Because I wanted an hour of normalcy with my daughter.
It’s like I fucking said. To be the man Mia needs, I’ll have to dismantle the entire life I’ve built.
“Fuck!” The word explodes out of me.
Mia startles in my arms, her face scrunching up, ready to cry.
Damn it. Be better!
“Shhh, shhh,” I soothe her automatically, rocking her gently, my heart pounding with a mixture of fury and… surprisingly little panic about the money. The dominant feeling is anger. Anger that my attempt to connect with my daughter is being twisted into tabloid fodder. Anger that investors are reacting like skittish sheep. Anger at Luca’s barely concealed ‘I told you so’ tone.
I hit the mute button on my phone.
“Guess I should have listened to your advice about not appearing in public with Mia,” I say tightly, looking directly at Sabrina now. Her face is a mask of professional concern, but I see the underlying ‘I warned you’ in her eyes too. “But she’s my daughter, damn it. I want her to have a normal life. Or as normal as possible.”
“So much for your ingenious Clark Kent disguise,” she mutters, then sighs. “Nothing involving you will ever be truly normal, Leo. You know that. This,” she gestures vaguely between me, Mia, and the phone still pressed to my ear, “requires strategy. Careful management. Which is literallymy job.”

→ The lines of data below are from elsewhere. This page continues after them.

(* Let $F$ be an absolutely continuous c.d.f. with density $f$ satisfying condition set 1 (defined in the context). Let $i=i(n)$ satisfy $i\to\infty$ and $i/n\to0$ as $n\to\infty$, and define $a_n=F^{-1}\!\left(1-\frac{i}{n}\right)$ and $b_n=\frac{\sqrt{i}}{n f(a_n)}$. Then $\lim_{n\to\infty}\frac{a_n}{b_n}=\infty$.
   Context: Condition set 1: with hazard rate $h(x)\triangleq f(x)/(1-F(x))$, (i) $F^{-1}(1)=\infty$ (the distribution has unbounded support), and (ii) either $\lim_{x\to\infty} x h(x)=c_0$ for some constant $c_0>0$, or $\lim_{x\to\infty}\frac{d}{dx}\frac{1}{h(x)}=0$. *)

theory Defs
  imports "HOL-Analysis.Analysis"
begin

definition quantile :: "(real \<Rightarrow> real) \<Rightarrow> real \<Rightarrow> real" where
  "quantile F p = Inf {x. p \<le> F x}"

definition hazard :: "(real \<Rightarrow> real) \<Rightarrow> (real \<Rightarrow> real) \<Rightarrow> real \<Rightarrow> real" where
  "hazard f F x = f x / (1 - F x)"

end

theory Submission
  imports Defs
begin

text \<open>
  If \<open>q = i/n\<close> and \<open>a = F\<^sup>-\<^sup>1(1 - q)\<close>, then \<open>1 - F(a) = q\<close>, hence \<open>n f(a) = i h(a)\<close> and
  \<open>a/b = a h(a) \<surd>i\<close>. As \<open>a\<^sub>n \<rightarrow> \<infinity>\<close>, it suffices that \<open>x h(x) \<ge> c > 0\<close> for large \<open>x\<close>.
  Under the first alternative of condition (ii) this is immediate. Under the second,
  \<open>1/h\<close> has derivative tending to 0, so it grows sublinearly: \<open>1/h(x) \<le> x\<close> eventually,
  i.e. \<open>x h(x) \<ge> 1\<close>. This needs \<open>f > 0\<close> eventually, so that \<open>1/h\<close> really is
  \<open>(1 - F)/f\<close> and not the junk value \<open>0\<close>.
\<close>

lemma quantile_eq_of_continuous_mono:
  fixes F :: "real \<Rightarrow> real"
  assumes cont: "continuous_on UNIV F" and mono: "mono F"
    and below: "F x0 < p" and above: "p \<le> F x1"
  shows "F (quantile F p) = p"
proof -
  let ?S = "{x. p \<le> F x}"
  have lower: "x0 \<le> x" if "x \<in> ?S" for x
    using that below monoD[OF mono, of x x0] by force
  then have bdd: "bdd_below ?S" by (rule bdd_belowI[of _ x0]) simp
  have "closed ?S"
    using closed_Collect_le[OF continuous_on_const cont] by simp
  then have in_S: "quantile F p \<in> ?S"
    unfolding quantile_def using above bdd by (intro closed_contains_Inf) auto
  then obtain y where y: "x0 \<le> y" "y \<le> quantile F p" "F y = p"
    using IVT[of F x0 p "quantile F p"] lower below cont
    by (force simp: continuous_on_eq_continuous_at)
  then have "quantile F p \<le> y"
    unfolding quantile_def by (intro cInf_lower bdd) simp
  then show ?thesis using y by simp
qed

She’s right. This isn’t just personal anymore. It’s professional. The leak, the investor panic… it falls squarely into her court now.
“You there, bro?” Luca asks.
I unmute the phone.
“Luca,” I tell him, my voice cold, decisive. “Get Ms. Taylor everything on the Accel Partners withdrawal and the new Page Six article. And line up calls with our top five Limited Partners. Sabrina’s handling the response strategy.”
I hang up before Luca can argue, dropping the phone onto the changing table. I look at Sabrina, meeting her wide, slightly stunned gaze.
“Well,” I say, forcing a grim smile. “Looks like your PR campaign just got a whole lot more complicated. And personal.”
No thanks to me.
“Okay,” she says, taking a deep breath. “Okay. Let’s get to work.”
I want to be with her and Mia.
I really do. And while I don’t care all that much for the money (or so I tell myself, anyway), I’m not ready to dismantle my entire life.
Not yet.
26
Sabrina
Sunrise over Central Park is spectacular. The pinks and reds reflecting off the glass towers are beautiful. Even when viewed through the filter of sleep deprivation and that cocktail of endorphins still swirling through my veins from last night’s…encounter… not to mention the vague panic currently sitting somewhere deep in my gut.
I woke up an hour ago in the guest suite. Alone. Which was both a relief and, confusingly, a disappointment. After the kiss, after the sex against the window...
God, did that really happen?
Yes. Yes it did.
And I’d retreated. Pulled away emotionally the second the physical intensity subsided. Slammed the door shut on that moment of connection, on the terrifying vulnerability he’d coaxed out of me.
It was pure self-preservation. A reflex honed by years of expecting the other shoe to drop, expecting charm to curdle into indifference, expecting men like Leo to leave.
He’s not father material, the familiar refrain screamed in my head, even as my body hummed with the memory of his touch.He’ll disappear. Protect yourself. Protect Mia.
So I pulled back. Built the wall brick by brick. And watched his face shutter, his own vulnerability vanish, replaced by that familiar guarded mask.